- **EXERCISE REQUIREMENTS**
Isolate every line in the records below with "desc" in it.

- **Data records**
(* Let $A$ be an $n\times n$ Hermitian matrix. For all integers $1\le k\le m\le n$, $$\underbrace{X_m(A)\cup\dots\cup X_m(A)}_{\binom{m-1}{k-1}\text{ times}}\;\succ\;\underbrace{X_k(A)\cup\dots\cup X_k(A)}_{\binom{n-k}{m-k}\text{ times}}.$$
   Context: For $1\le m\le n$, $X_m(A)$ is the real vector (of length $m\binom nm$) listing the eigenvalues, with multiplicity, of all $\binom nm$ principal $m\times m$ submatrices of $A$. The symbol $\cup$ denotes concatenation of vectors. For $x\in\mathbb R^N$, $x^{\downarrow}$ is the non-increasing rearrangement of $x$; for $x,y\in\mathbb R^N$, $x\succ y$ means $\sum_{i=1}^k x^{\downarrow}_i\ge\sum_{i=1}^k y^{\downarrow}_i$ for all $k=1,\dots,N$ with equality for $k=N$ (majorization is invariant under reordering the entries). *)

theory Defs
  imports "Jordan_Normal_Form.Char_Poly" "Jordan_Normal_Form.DL_Submatrix"
begin

definition hermitian_mat :: "complex mat \<Rightarrow> nat \<Rightarrow> bool" where
  "hermitian_mat A n \<longleftrightarrow> A \<in> carrier_mat n n \<and>
     (\<forall>i<n. \<forall>j<n. A $$ (i, j) = cnj (A $$ (j, i)))"

definition eigenvalues_mset :: "complex mat \<Rightarrow> complex multiset" where
  "eigenvalues_mset B = proots (char_poly B)"

text \<open>X_m(A): eigenvalues (with multiplicity, real parts; they are real for Hermitian A)
  of all principal m x m submatrices of A, collected as a multiset (the order of
  the entries is irrelevant for majorization).\<close>
definition X :: "nat \<Rightarrow> complex mat \<Rightarrow> real multiset" where
  "X m A = (\<Sum>I \<in> {I. I \<subseteq> {..<dim_row A} \<and> card I = m}.
              image_mset Re (eigenvalues_mset (submatrix A I I)))"

definition desc :: "real multiset \<Rightarrow> real list" where
  "desc x = rev (sorted_list_of_multiset x)"

definition majorizes :: "real multiset \<Rightarrow> real multiset \<Rightarrow> bool" where
  "majorizes x y \<longleftrightarrow> size x = size y \<and>
     (\<forall>k\<in>{1..size x}. sum_list (take k (desc y)) \<le> sum_list (take k (desc x))) \<and>
     sum_list (take (size x) (desc x)) = sum_list (take (size x) (desc y))"

end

- **EXERCISE ANSWER**
definition desc :: "real multiset \<Rightarrow> real list" where
  "desc x = rev (sorted_list_of_multiset x)"
     (\<forall>k\<in>{1..size x}. sum_list (take k (desc y)) \<le> sum_list (take k (desc x))) \<and>
     sum_list (take (size x) (desc x)) = sum_list (take (size x) (desc y))"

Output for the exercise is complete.